Okay so our local volleyball court had these concrete floors, right? Hurts like crazy when you dive. I was watching folks limp off court last month and thought: someone gotta fix this junk. Started digging around online and found people talking about shock-absorbing wood floors. Figured hey – I can mess with plywood and foam, why not?

First thing, I raided my garage workshop. Had:

  • A bunch of half-used plywood sheets (kinda warped but whatever)
  • Cheap carpet foam leftovers from my nephew’s bedroom project
  • Wood glue that was probably older than my dog

Went to the hardware store for rubber padding strips though – those cost me two pizzas worth of cash. Oh and grabbed a handsaw since my electric one died last winter.

The Messy Building Part

Started by drawing rectangles on the plywood with a busted pencil. Measured wrong twice – third time’s the charm I guess. Sawing those planks? Man, my arms felt like noodles after. Half the cuts looked like drunk snakes, but sandpaper fixed the worst spots.

Laid the rubber strips down first like train tracks. Then slapped wood glue on the plywood planks and pressed them onto the rubber. Held it down with paint cans for weight overnight. Next morning, peeled off the cans and poked the planks – felt kinda bouncy already!

Foam Disaster Time

Here’s where it got stupid. Tried gluing the carpet foam UNDER the plywood. Big mistake. Glue soaked straight through the foam like water. Whole piece turned into sticky spaghetti. Cussed for five minutes straight.

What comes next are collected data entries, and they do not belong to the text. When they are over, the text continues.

lemma has_real_derivative_inner_self:
  assumes "(w has_vector_derivative w') (at t within S)"
  shows "((\<lambda>t. inner (w t) (w t)) has_real_derivative 2 * inner (w t) w') (at t within S)"
  using bounded_bilinear.has_vector_derivative[OF bounded_bilinear_inner assms assms]
  by (simp add: has_real_derivative_iff_has_vector_derivative inner_commute)

lemma DERIV_nonpos_imp_le_at_0:
  fixes \<phi> :: "real \<Rightarrow> real"
  assumes deriv: "\<And>t. 0 \<le> t \<Longrightarrow> (\<phi> has_real_derivative \<phi>' t) (at t within {0..})"
    and nonpos: "\<And>t. 0 \<le> t \<Longrightarrow> \<phi>' t \<le> 0" and "0 \<le> t"
  shows "\<phi> t \<le> \<phi> 0"
proof (rule DERIV_nonpos_imp_decreasing_open[OF \<open>0 \<le> t\<close>])
  fix s :: real assume s: "0 < s" "s < t"
  have "at s within {0..} = at s"
    by (rule at_within_interior) (use s in auto)
  then show "\<exists>y. (\<phi> has_real_derivative y) (at s) \<and> y \<le> 0"
    using deriv[of s] nonpos[of s] s by auto
next
  have "continuous_on {0..} \<phi>"
    unfolding continuous_on_eq_continuous_within using deriv DERIV_continuous by fastforce
  then show "continuous_on {0..t} \<phi>"
    by (rule continuous_on_subset) auto
qed

lemma gronwall_linear:
  fixes \<phi> :: "real \<Rightarrow> real"
  assumes deriv: "\<And>t. 0 \<le> t \<Longrightarrow> (\<phi> has_real_derivative \<phi>' t) (at t within {0..})"
    and growth: "\<And>t. 0 \<le> t \<Longrightarrow> \<phi>' t \<le> k * \<phi> t" and "0 \<le> t"
  shows "\<phi> t \<le> exp (k * t) * \<phi> 0"
proof -
  define \<psi> where "\<psi> s = exp (- k * s) * \<phi> s" for s
  have \<psi>_deriv: "(\<psi> has_real_derivative exp (- k * s) * (\<phi>' s - k * \<phi> s)) (at s within {0..})"
    if "0 \<le> s" for s
    unfolding \<psi>_def using deriv[OF that]
    by (auto intro!: derivative_eq_intros simp: algebra_simps)
  have \<psi>_deriv_nonpos: "exp (- k * s) * (\<phi>' s - k * \<phi> s) \<le> 0" if "0 \<le> s" for s
    using growth[OF that] by (simp add: mult_nonneg_nonpos)
  have "\<psi> t \<le> \<psi> 0"
    by (rule DERIV_nonpos_imp_le_at_0[OF \<psi>_deriv \<psi>_deriv_nonpos \<open>0 \<le> t\<close>])
  then show ?thesis
    by (simp add: \<psi>_def exp_minus field_simps)
qed
(* Let $S$ and $T$ be left inverse semi-braces, $\sigma:T\to\mathrm{Aut}(S)$ a homomorphism from $(T,\cdot)$ into the automorphism group of the left inverse semi-brace $S$ (write ${}^ua=\sigma(u)(a)$), and $\delta:S\to\mathrm{End}(T)$ an anti-homomorphism from $(S,+)$ into the endomorphism semigroup of $(T,+)$ (write $u^a=\delta(a)(u)$). Suppose that $$(uv)^{\lambda_a({}^ub)}+u\left((u^{-1})^b+w\right)=u\left(v^b+w\right)$$ for all $a,b\in S$ and $u,v,w\in T$. Then $S\times T$ with $$(a,u)+(b,v)=(a+b,\,u^b+v),\qquad (a,u)(b,v)=(a\,{}^ub,\,uv)$$ for all $(a,u),(b,v)\in S\times T$ is a left inverse semi-brace (the double semidirect product of $S$ and $T$ via $\sigma$ and $\delta$).
   Context: An inverse semigroup is a semigroup $(S,\cdot)$ in which for each $a$ there is a unique $a^{-1}$ with $aa^{-1}a=a$, $a^{-1}aa^{-1}=a^{-1}$. A left inverse semi-brace is a triple $(S,+,\cdot)$ with $(S,+)$ a semigroup, $(S,\cdot)$ an inverse semigroup and $a(b+c)=ab+a(a^{-1}+c)$ for all $a,b,c$; set $\lambda_a(b)=a(a^{-1}+b)$. An automorphism of the left inverse semi-brace $S$ is a bijection preserving both operations. That $\delta$ is an anti-homomorphism from $(S,+)$ means $\delta(a+b)=\delta(b)\circ\delta(a)$, i.e. $u^{a+b}=(u^a)^b$. *)

theory Defs
  imports Main
begin

text \<open>Structures are carried by whole types: a left inverse semi-brace on type 'a
  is given by its two operations add and mul.\<close>

definition is_semigroup :: "('a \<Rightarrow> 'a \<Rightarrow> 'a) \<Rightarrow> bool" where
  "is_semigroup f \<longleftrightarrow> (\<forall>a b c. f (f a b) c = f a (f b c))"

definition is_inverse_semigroup :: "('a \<Rightarrow> 'a \<Rightarrow> 'a) \<Rightarrow> bool" where
  "is_inverse_semigroup m \<longleftrightarrow> is_semigroup m \<and>
     (\<forall>a. \<exists>!b. m (m a b) a = a \<and> m (m b a) b = b)"

definition inv_of :: "('a \<Rightarrow> 'a \<Rightarrow> 'a) \<Rightarrow> 'a \<Rightarrow> 'a" where
  "inv_of m a = (THE b. m (m a b) a = a \<and> m (m b a) b = b)"

definition left_inverse_semibrace :: "('a \<Rightarrow> 'a \<Rightarrow> 'a) \<Rightarrow> ('a \<Rightarrow> 'a \<Rightarrow> 'a) \<Rightarrow> bool" where
  "left_inverse_semibrace add mul \<longleftrightarrow> is_semigroup add \<and> is_inverse_semigroup mul \<and>
     (\<forall>a b c. mul a (add b c) = add (mul a b) (mul a (add (inv_of mul a) c)))"

definition lam :: "('a \<Rightarrow> 'a \<Rightarrow> 'a) \<Rightarrow> ('a \<Rightarrow> 'a \<Rightarrow> 'a) \<Rightarrow> 'a \<Rightarrow> 'a \<Rightarrow> 'a" where
  "lam add mul a b = mul a (add (inv_of mul a) b)"

definition is_sb_automorphism ::
  "('a \<Rightarrow> 'a \<Rightarrow> 'a) \<Rightarrow> ('a \<Rightarrow> 'a \<Rightarrow> 'a) \<Rightarrow> ('a \<Rightarrow> 'a) \<Rightarrow> bool" where
  "is_sb_automorphism add mul f \<longleftrightarrow> bij f \<and>
     (\<forall>a b. f (add a b) = add (f a) (f b)) \<and> (\<forall>a b. f (mul a b) = mul (f a) (f b))"

definition is_endomorphism :: "('a \<Rightarrow> 'a \<Rightarrow> 'a) \<Rightarrow> ('a \<Rightarrow> 'a) \<Rightarrow> bool" where
  "is_endomorphism add f \<longleftrightarrow> (\<forall>a b. f (add a b) = add (f a) (f b))"

end

theory Submission
  imports Defs
begin

text \<open>The key point for the
  multiplication is that \<open>\<sigma>(u u\<inverse>)\<close> is an idempotent injective map, hence the
  identity; so \<open>\<sigma>(u\<inverse>)\<close> inverts \<open>\<sigma>(u)\<close> and \<open>(a, u)\<inverse> = (\<sigma>(u\<inverse>)(a\<inverse>), u\<inverse>)\<close>.
  With this inverse, the first coordinate of the brace law of \<open>S \<times> T\<close> is the
  brace law of \<open>S\<close> transported by \<open>\<sigma>(u)\<close>, and the second coordinate is exactly
  the compatibility condition.\<close>

definition semidirect_add ::
  "('a \<Rightarrow> 'a \<Rightarrow> 'a) \<Rightarrow> ('b \<Rightarrow> 'b \<Rightarrow> 'b) \<Rightarrow> ('a \<Rightarrow> 'b \<Rightarrow> 'b) \<Rightarrow> 'a \<times> 'b \<Rightarrow> 'a \<times> 'b \<Rightarrow> 'a \<times> 'b"
  where "semidirect_add addS addT \<delta> = (\<lambda>(a, u) (b, v). (addS a b, addT (\<delta> b u) v))"

definition semidirect_mul ::
  "('a \<Rightarrow> 'a \<Rightarrow> 'a) \<Rightarrow> ('b \<Rightarrow> 'b \<Rightarrow> 'b) \<Rightarrow> ('b \<Rightarrow> 'a \<Rightarrow> 'a) \<Rightarrow> 'a \<times> 'b \<Rightarrow> 'a \<times> 'b \<Rightarrow> 'a \<times> 'b"
  where "semidirect_mul mulS mulT \<sigma> = (\<lambda>(a, u) (b, v). (mulS a (\<sigma> u b), mulT u v))"

lemma semidirect_add_Pair [simp]:
  "semidirect_add addS addT \<delta> (a, u) (b, v) = (addS a b, addT (\<delta> b u) v)"
  by (simp add: semidirect_add_def)

lemma semidirect_mul_Pair [simp]:
  "semidirect_mul mulS mulT \<sigma> (a, u) (b, v) = (mulS a (\<sigma> u b), mulT u v)"
  by (simp add: semidirect_mul_def)

lemma semigroup_assoc: "is_semigroup f \<Longrightarrow> f (f a b) c = f a (f b c)"
  by (simp add: is_semigroup_def)

lemma inverse_semigroup_is_semigroup: "is_inverse_semigroup m \<Longrightarrow> is_semigroup m"
  by (simp add: is_inverse_semigroup_def)

lemma inverse_semigroup_inv_of:
  assumes "is_inverse_semigroup m"
  shows "m (m a (inv_of m a)) a = a" and "m (m (inv_of m a) a) (inv_of m a) = inv_of m a"
proof -
  from assms have "\<exists>!b. m (m a b) a = a \<and> m (m b a) b = b"
    unfolding is_inverse_semigroup_def by blast
  then have "m (m a (inv_of m a)) a = a \<and> m (m (inv_of m a) a) (inv_of m a) = inv_of m a"
    unfolding inv_of_def by (rule theI')
  then show "m (m a (inv_of m a)) a = a" and "m (m (inv_of m a) a) (inv_of m a) = inv_of m a"
    by simp_all
qed

lemma inv_of_eqI:
  assumes "is_inverse_semigroup m" "m (m a b) a = a" "m (m b a) b = b"
  shows "inv_of m a = b"
proof -
  from assms(1) have "\<exists>!b. m (m a b) a = a \<and> m (m b a) b = b"
    unfolding is_inverse_semigroup_def by blast
  then show ?thesis
    unfolding inv_of_def by (rule the1_equality) (simp add: assms(2,3))
qed

lemma inj_idempotent_fixpoint:
  assumes "inj f" "f \<circ> f = f"
  shows "f x = x"
proof -
  have "f (f x) = f x" using assms(2) by (metis comp_apply)
  then show ?thesis using assms(1) by (simp add: inj_eq)
qed

lemma action_inv_of_cancel:
  assumes T: "is_inverse_semigroup mulT"
    and inj: "\<And>u. inj (\<sigma> u)"
    and hom: "\<And>u v. \<sigma> (mulT u v) = \<sigma> u \<circ> \<sigma> v"
  shows "\<sigma> u (\<sigma> (inv_of mulT u) x) = x" and "\<sigma> (inv_of mulT u) (\<sigma> u x) = x"
proof -
  have assoc: "\<And>a b c. mulT (mulT a b) c = mulT a (mulT b c)"
    using T by (simp add: semigroup_assoc inverse_semigroup_is_semigroup)
  let ?u' = "inv_of mulT u"
  have "mulT (mulT u ?u') (mulT u ?u') = mulT u ?u'"
    by (metis assoc inverse_semigroup_inv_of(1)[OF T])
  then have "\<sigma> (mulT u ?u') \<circ> \<sigma> (mulT u ?u') = \<sigma> (mulT u ?u')"
    by (simp flip: hom)
  from inj_idempotent_fixpoint[OF inj this] show "\<sigma> u (\<sigma> ?u' x) = x"
    by (simp add: hom)
  have "mulT (mulT ?u' u) (mulT ?u' u) = mulT ?u' u"
    by (metis assoc inverse_semigroup_inv_of(2)[OF T])
  then have "\<sigma> (mulT ?u' u) \<circ> \<sigma> (mulT ?u' u) = \<sigma> (mulT ?u' u)"
    by (simp flip: hom)
  from inj_idempotent_fixpoint[OF inj this] show "\<sigma> ?u' (\<sigma> u x) = x"
    by (simp add: hom)
qed

lemma semigroup_semidirect_add:
  assumes "is_semigroup addS" "is_semigroup addT"
    and "\<And>a. is_endomorphism addT (\<delta> a)"
    and "\<And>a b. \<delta> (addS a b) = \<delta> b \<circ> \<delta> a"
  shows "is_semigroup (semidirect_add addS addT \<delta>)"
  using assms
  by (simp add: is_semigroup_def is_endomorphism_def split_paired_all)

lemma semigroup_semidirect_mul:
  assumes "is_semigroup mulS" "is_semigroup mulT"
    and "\<And>u a b. \<sigma> u (mulS a b) = mulS (\<sigma> u a) (\<sigma> u b)"
    and "\<And>u v. \<sigma> (mulT u v) = \<sigma> u \<circ> \<sigma> v"
  shows "is_semigroup (semidirect_mul mulS mulT \<sigma>)"
  using assms
  by (simp add: is_semigroup_def split_paired_all)

context
  fixes mulS :: "'a \<Rightarrow> 'a \<Rightarrow> 'a" and mulT :: "'b \<Rightarrow> 'b \<Rightarrow> 'b" and \<sigma> :: "'b \<Rightarrow> 'a \<Rightarrow> 'a"
  assumes S: "is_inverse_semigroup mulS"
    and T: "is_inverse_semigroup mulT"
    and \<sigma>_inj: "\<And>u. inj (\<sigma> u)"
    and \<sigma>_mul: "\<And>u a b. \<sigma> u (mulS a b) = mulS (\<sigma> u a) (\<sigma> u b)"
    and \<sigma>_hom: "\<And>u v. \<sigma> (mulT u v) = \<sigma> u \<circ> \<sigma> v"
begin

private abbreviation (input) M where "M \<equiv> semidirect_mul mulS mulT \<sigma>"

lemma semidirect_mul_inverse_pair_iff:
  "M (M (a, u) (x, y)) (a, u) = (a, u) \<and> M (M (x, y) (a, u)) (x, y) = (x, y)
   \<longleftrightarrow> (x, y) = (\<sigma> (inv_of mulT u) (inv_of mulS a), inv_of mulT u)"
proof
  assume "M (M (a, u) (x, y)) (a, u) = (a, u) \<and> M (M (x, y) (a, u)) (x, y) = (x, y)"
  then have a: "mulS (mulS a (\<sigma> u x)) (\<sigma> (mulT u y) a) = a" "mulT (mulT u y) u = u"
    and x: "mulS (mulS x (\<sigma> y a)) (\<sigma> (mulT y u) x) = x" "mulT (mulT y u) y = y"
    by auto
  have y: "y = inv_of mulT u"
    using inv_of_eqI[OF T a(2) x(2)] by simp
  have "mulS (mulS a (\<sigma> u x)) a = a"
    using a(1) by (simp add: y \<sigma>_hom action_inv_of_cancel[OF T \<sigma>_inj \<sigma>_hom])
  moreover have "mulS (mulS (\<sigma> u x) a) (\<sigma> u x) = \<sigma> u x"
    using arg_cong[OF x(1), of "\<sigma> u"]
    by (simp add: y \<sigma>_hom \<sigma>_mul action_inv_of_cancel[OF T \<sigma>_inj \<sigma>_hom])
  ultimately have "inv_of mulS a = \<sigma> u x"
    by (rule inv_of_eqI[OF S])
  then show "(x, y) = (\<sigma> (inv_of mulT u) (inv_of mulS a), inv_of mulT u)"
    by (simp add: y action_inv_of_cancel[OF T \<sigma>_inj \<sigma>_hom])
next
  assume "(x, y) = (\<sigma> (inv_of mulT u) (inv_of mulS a), inv_of mulT u)"
  then show "M (M (a, u) (x, y)) (a, u) = (a, u) \<and> M (M (x, y) (a, u)) (x, y) = (x, y)"
    by (simp add: \<sigma>_hom flip: \<sigma>_mul)
      (simp add: action_inv_of_cancel[OF T \<sigma>_inj \<sigma>_hom] inverse_semigroup_inv_of[OF S]
        inverse_semigroup_inv_of[OF T])
qed

lemma inverse_semigroup_semidirect_mul: "is_inverse_semigroup M"
  unfolding is_inverse_semigroup_def
proof (intro conjI allI)
  show "is_semigroup M"
    using S T \<sigma>_mul \<sigma>_hom
    by (simp add: semigroup_semidirect_mul inverse_semigroup_is_semigroup)
  fix p :: "'a \<times> 'b"
  obtain a u where p: "p = (a, u)"
    by (cases p)
  have "M (M p q) p = p \<and> M (M q p) q = q
    \<longleftrightarrow> q = (\<sigma> (inv_of mulT u) (inv_of mulS a), inv_of mulT u)" for q
    using semidirect_mul_inverse_pair_iff[of a u "fst q" "snd q"] by (simp add: p)
  then show "\<exists>!q. M (M p q) p = p \<and> M (M q p) q = q"
    by (simp only: Ex1_def) blast
qed

lemma inv_of_semidirect_mul:
  "inv_of M (a, u) = (\<sigma> (inv_of mulT u) (inv_of mulS a), inv_of mulT u)"
  using inv_of_eqI[OF inverse_semigroup_semidirect_mul] semidirect_mul_inverse_pair_iff
  by blast

lemma semidirect_brace_law:
  assumes S_brace: "\<And>a b c. mulS a (addS b c) = addS (mulS a b) (lam addS mulS a c)"
    and \<sigma>_add: "\<And>u a b. \<sigma> u (addS a b) = addS (\<sigma> u a) (\<sigma> u b)"
    and compat: "\<And>a b u v w.
       addT (\<delta> (lam addS mulS a (\<sigma> u b)) (mulT u v))
            (mulT u (addT (\<delta> b (inv_of mulT u)) w))
       = mulT u (addT (\<delta> b v) w)"
  shows "M p (semidirect_add addS addT \<delta> q r)
    = semidirect_add addS addT \<delta> (M p q) (M p (semidirect_add addS addT \<delta> (inv_of M p) r))"
proof -
  obtain a u b v c w where "p = (a, u)" "q = (b, v)" "r = (c, w)"
    by (metis prod.exhaust)
  moreover have "\<sigma> u (addS (\<sigma> (inv_of mulT u) (inv_of mulS a)) c) = addS (inv_of mulS a) (\<sigma> u c)"
    by (simp add: \<sigma>_add action_inv_of_cancel[OF T \<sigma>_inj \<sigma>_hom])
  ultimately show ?thesis
    by (simp add: inv_of_semidirect_mul \<sigma>_add S_brace compat lam_def[symmetric])
qed

end

theorem theorem38:
  fixes addS mulS :: "'a \<Rightarrow> 'a \<Rightarrow> 'a"
    and addT mulT :: "'b \<Rightarrow> 'b \<Rightarrow> 'b"
    and \<sigma> :: "'b \<Rightarrow> 'a \<Rightarrow> 'a"
    and \<delta> :: "'a \<Rightarrow> 'b \<Rightarrow> 'b"
  assumes S: "left_inverse_semibrace addS mulS"
    and T: "left_inverse_semibrace addT mulT"
    and \<sigma>_aut: "\<forall>u. is_sb_automorphism addS mulS (\<sigma> u)"
    and \<sigma>_hom: "\<forall>u v. \<sigma> (mulT u v) = \<sigma> u \<circ> \<sigma> v"
    and \<delta>_end: "\<forall>a. is_endomorphism addT (\<delta> a)"
    and \<delta>_anti: "\<forall>a b. \<delta> (addS a b) = \<delta> b \<circ> \<delta> a"
    and compat: "\<forall>a b u v w.
       addT (\<delta> (lam addS mulS a (\<sigma> u b)) (mulT u v))
            (mulT u (addT (\<delta> b (inv_of mulT u)) w))
       = mulT u (addT (\<delta> b v) w)"
  shows "left_inverse_semibrace
           (\<lambda>(a, u) (b, v). (addS a b, addT (\<delta> b u) v))
           (\<lambda>(a, u) (b, v). (mulS a (\<sigma> u b), mulT u v))"
proof -
  note S' = S[unfolded left_inverse_semibrace_def lam_def[symmetric]]
  note T' = T[unfolded left_inverse_semibrace_def]
  have \<sigma>: "\<And>u. inj (\<sigma> u)" "\<And>u a b. \<sigma> u (addS a b) = addS (\<sigma> u a) (\<sigma> u b)"
    "\<And>u a b. \<sigma> u (mulS a b) = mulS (\<sigma> u a) (\<sigma> u b)"
    using \<sigma>_aut by (simp_all add: is_sb_automorphism_def bij_is_inj)
  have "is_semigroup (semidirect_add addS addT \<delta>)"
    using S' T' \<delta>_end \<delta>_anti by (simp add: semigroup_semidirect_add)
  moreover have "is_inverse_semigroup (semidirect_mul mulS mulT \<sigma>)"
    using S' T' \<sigma> \<sigma>_hom by (simp add: inverse_semigroup_semidirect_mul)
  moreover note semidirect_brace_law[of mulS mulT \<sigma> addS addT \<delta>]
  ultimately show ?thesis
    unfolding left_inverse_semibrace_def semidirect_add_def[symmetric]
      semidirect_mul_def[symmetric]
    using S' T' \<sigma> \<sigma>_hom compat by blast
qed

end
(* Let $t,x\in\mathbb{C}$ with $x\ne t$, $t\notin\{0,1\}$ and $x\notin\{0,1\}$. For $s\in\mathbb{C}\setminus\{0,1,x\}$ let $$g(s)=\begin{pmatrix}-(s-1)x & ts(s-1)\\ -(s-x) & s(s-x)\end{pmatrix}\in\mathrm{PGL}_2(\mathbb{C}).$$ Then the elements $g(s)$, $s\in\mathbb{C}\setminus\{0,1,x\}$, generate a dense subgroup of $\mathrm{PGL}_2(\mathbb{C})$. *)

theory Defs
  imports "HOL-Analysis.Analysis"
begin

type_synonym cmat2 = "complex^2^2"

definition gmat :: "complex \<Rightarrow> complex \<Rightarrow> complex \<Rightarrow> cmat2" where
  "gmat t x z = (\<chi> i j. if i = 1 then (if j = 1 then -(z-1)*x else t*z*(z-1))
                                 else (if j = 1 then -(z-x) else z*(z-x)))"

definition GL2 :: "cmat2 set" where
  "GL2 = {A. invertible A}"

inductive_set gen_subgroup :: "cmat2 set \<Rightarrow> cmat2 set" for S where
  unit: "mat 1 \<in> gen_subgroup S"
| gen: "g \<in> S \<Longrightarrow> g \<in> gen_subgroup S"
| mult: "a \<in> gen_subgroup S \<Longrightarrow> b \<in> gen_subgroup S \<Longrightarrow> a ** b \<in> gen_subgroup S"
| inv: "a \<in> gen_subgroup S \<Longrightarrow> matrix_inv a \<in> gen_subgroup S"

definition proj_rel :: "(cmat2 \<times> cmat2) set" where
  "proj_rel = {(A, B). A \<in> GL2 \<and> B \<in> GL2 \<and> (\<exists>c::complex. c \<noteq> 0 \<and> B = mat c ** A)}"

definition PGL2 :: "cmat2 set set" where
  "PGL2 = GL2 // proj_rel"

definition proj :: "cmat2 \<Rightarrow> cmat2 set" where
  "proj A = proj_rel `` {A}"

definition PGL2_top :: "cmat2 set topology" where
  "PGL2_top = topology (\<lambda>U. U \<subseteq> PGL2 \<and> openin (top_of_set GL2) (\<Union>U))"

end

(* Write t = x (l^2 - l + 1) / l, which is possible since l can be taken as a root of the quadratic
   x l^2 - (t + x) l + x. For a parameter a, the word g(a/l) g(a)^(-1) g(b), with b a suitable
   rational function of a, is diagonal, and the ratio of its diagonal entries is a non-constant
   rational function of a. It therefore takes all but finitely many values, and as a cofinite
   subset of the multiplicative group of C generates it, the image of the group generated by the
   g(s) contains the whole diagonal torus. Words in g(t), whose entries are all nonzero, and the
   torus yield a non-diagonal upper triangular element, hence all unipotent upper triangular
   elements, and then the Bruhat decomposition gives all of PGL(2, C). So the group is not only
   dense but all of PGL(2, C). *)

theory Submission
  imports
    Defs
    "HOL-Computational_Algebra.Fundamental_Theorem_Algebra"
    "HOL-Computational_Algebra.Polynomial_Factorial"
    "HOL-Computational_Algebra.Field_as_Ring"
begin
lemma adj_mat_of_int:
  fixes A :: "int mat"
  assumes A: "A \<in> carrier_mat n n"
  shows "adj_mat (map_mat (of_int :: int \<Rightarrow> rat) A) = map_mat of_int (adj_mat A)"
proof (rule eq_matI)
  fix i j assume "i < dim_row (map_mat (of_int :: int \<Rightarrow> rat) (adj_mat A))"
    "j < dim_col (map_mat (of_int :: int \<Rightarrow> rat) (adj_mat A))"
  then have ij: "i < n" "j < n" using adj_mat(1)[OF A] by auto
  have "mat_delete (map_mat (of_int :: int \<Rightarrow> rat) A) j i = map_mat of_int (mat_delete A j i)"
    using A by (intro eq_matI) (auto simp: mat_delete_def)
  then show "adj_mat (map_mat of_int A) $$ (i,j) = map_mat (of_int :: int \<Rightarrow> rat) (adj_mat A) $$ (i,j)"
    using ij A unfolding adj_mat_def cofactor_def by (simp add: of_int_hom.hom_det)
qed (use A in \<open>auto simp: adj_mat_def\<close>)

lemma level_dvd_det:
  fixes Q :: "rat mat" and A B :: "int mat"
  assumes Q: "Q \<in> carrier_mat n n" and A: "A \<in> carrier_mat n n" and B: "B \<in> carrier_mat n n"
    and QA: "transpose_mat Q * map_mat of_int A = map_mat of_int B" and det: "det A \<noteq> 0"
  shows "level Q dvd nat \<bar>det A\<bar>"
proof (rule level_dvd)
  have Qt: "transpose_mat Q \<in> carrier_mat n n" using Q by simp
  have A': "map_mat (of_int :: int \<Rightarrow> rat) A \<in> carrier_mat n n" using A by simp
  have "of_int (det A) \<cdot>\<^sub>m transpose_mat Q = transpose_mat Q * (map_mat of_int A * adj_mat (map_mat of_int A))"
    unfolding adj_mat(2)[OF A'] of_int_hom.hom_det mult_smult_distrib[OF Qt one_carrier_mat]
    using Qt by simp
  also have "\<dots> = map_mat of_int (B * adj_mat A)"
    using Qt A' B A adj_mat(1)[OF A']
    by (simp add: assoc_mult_mat[symmetric, of _ n n _ n _ n] QA adj_mat_of_int
        of_int_hom.mat_hom_mult[OF B adj_mat(1)[OF A]])
  finally have e: "of_int (det A) \<cdot>\<^sub>m transpose_mat Q = map_mat of_int (B * adj_mat A)" .
  show "integral_mat (of_nat (nat \<bar>det A\<bar>) \<cdot>\<^sub>m Q)" unfolding integral_mat_smult_iff
  proof (intro allI impI)
    fix i j assume "i < dim_row Q" "j < dim_col Q"
    then have ij: "i < n" "j < n" using Q by auto
    have "of_int (det A) * Q $$ (i,j) = of_int ((B * adj_mat A) $$ (j,i))"
      using arg_cong[OF e, of "\<lambda>M. M $$ (j,i)"] ij Q B adj_mat(1)[OF A] by simp
    moreover have "(of_nat (nat \<bar>det A\<bar>) :: rat) = of_int (sgn (det A) * det A)"
      by (cases "det A \<ge> 0") (auto simp: sgn_if)
    ultimately have "of_nat (nat \<bar>det A\<bar>) * Q $$ (i,j) = of_int (sgn (det A) * (B * adj_mat A) $$ (j,i))"
      by (simp add: mult.assoc)
    then show "of_nat (nat \<bar>det A\<bar>) * Q $$ (i,j) \<in> \<int>" by simp
  qed
qed (use det in simp)

lemma map_mat_of_int_smult: "map_mat (of_int :: int \<Rightarrow> 'a::ring_1) (k \<cdot>\<^sub>m M) = of_int k \<cdot>\<^sub>m map_mat of_int M"
  by (rule eq_matI) simp_all

lemma map_mat_eq_smult_dims:
  assumes "map_mat f X = a \<cdot>\<^sub>m Q"
  shows "dim_row X = dim_row Q" and "dim_col X = dim_col Q"
  using arg_cong[OF assms, of dim_row] arg_cong[OF assms, of dim_col] by simp_all

lemma transpose_mult_scaled:
  fixes Q :: "rat mat" and A B X :: "int mat"
  assumes Q: "Q \<in> carrier_mat n n" and A: "A \<in> carrier_mat n m" and B: "B \<in> carrier_mat n m"
    and QA: "transpose_mat Q * map_mat of_int A = map_mat of_int B"
    and X: "map_mat of_int X = of_int k \<cdot>\<^sub>m Q"
  shows "transpose_mat A * X = k \<cdot>\<^sub>m transpose_mat B"
proof (rule of_int_hom.mat_hom_inj)
  have Xc: "X \<in> carrier_mat n n" using map_mat_eq_smult_dims[OF X] Q by auto
  have "map_mat of_int (transpose_mat A * X) = transpose_mat (map_mat of_int A) * (of_int k \<cdot>\<^sub>m Q)"
    using A Xc by (simp add: of_int_hom.mat_hom_mult[of _ m n _ n] map_mat_transpose X)
  also have "\<dots> = of_int k \<cdot>\<^sub>m transpose_mat (transpose_mat Q * map_mat of_int A)"
    using A Q by (simp add: mult_smult_distrib[of _ m n _ n] transpose_mult[of _ n n _ m])
  also have "\<dots> = map_mat of_int (k \<cdot>\<^sub>m transpose_mat B)"
    unfolding QA by (simp add: map_mat_of_int_smult map_mat_transpose)
  finally show "map_mat of_int (transpose_mat A * X) = map_mat (of_int :: int \<Rightarrow> rat) (k \<cdot>\<^sub>m transpose_mat B)" .
qed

Changed tactics: just laid the foam sheets on the concrete FIRST like a rug. Dropped my plywood-rubber sandwich on top. Stepped on it – immediate squishy feel. Jumped like maniac to test bounce. Neighbors probably think I lost it.

Court Testing and Wins

Took three slabs to the court. Made a tiny rectangle near baseline. Got stomped on by five club players during their break. Expected snaps or cracks – nothing happened! Even dropped a volleyball from head height: thumped softly instead of that awful concrete “crack”. Felt like legit victory.

Only issue? One plank slid sideways when Brenda slammed her heel down. Need to lock them together better. Maybe drill holes for ropes? Next weekend’s problem.

Whole thing cost less than a takeout dinner. Knees don’t bruise anymore. Still ugly as sin though – might paint flames on it later.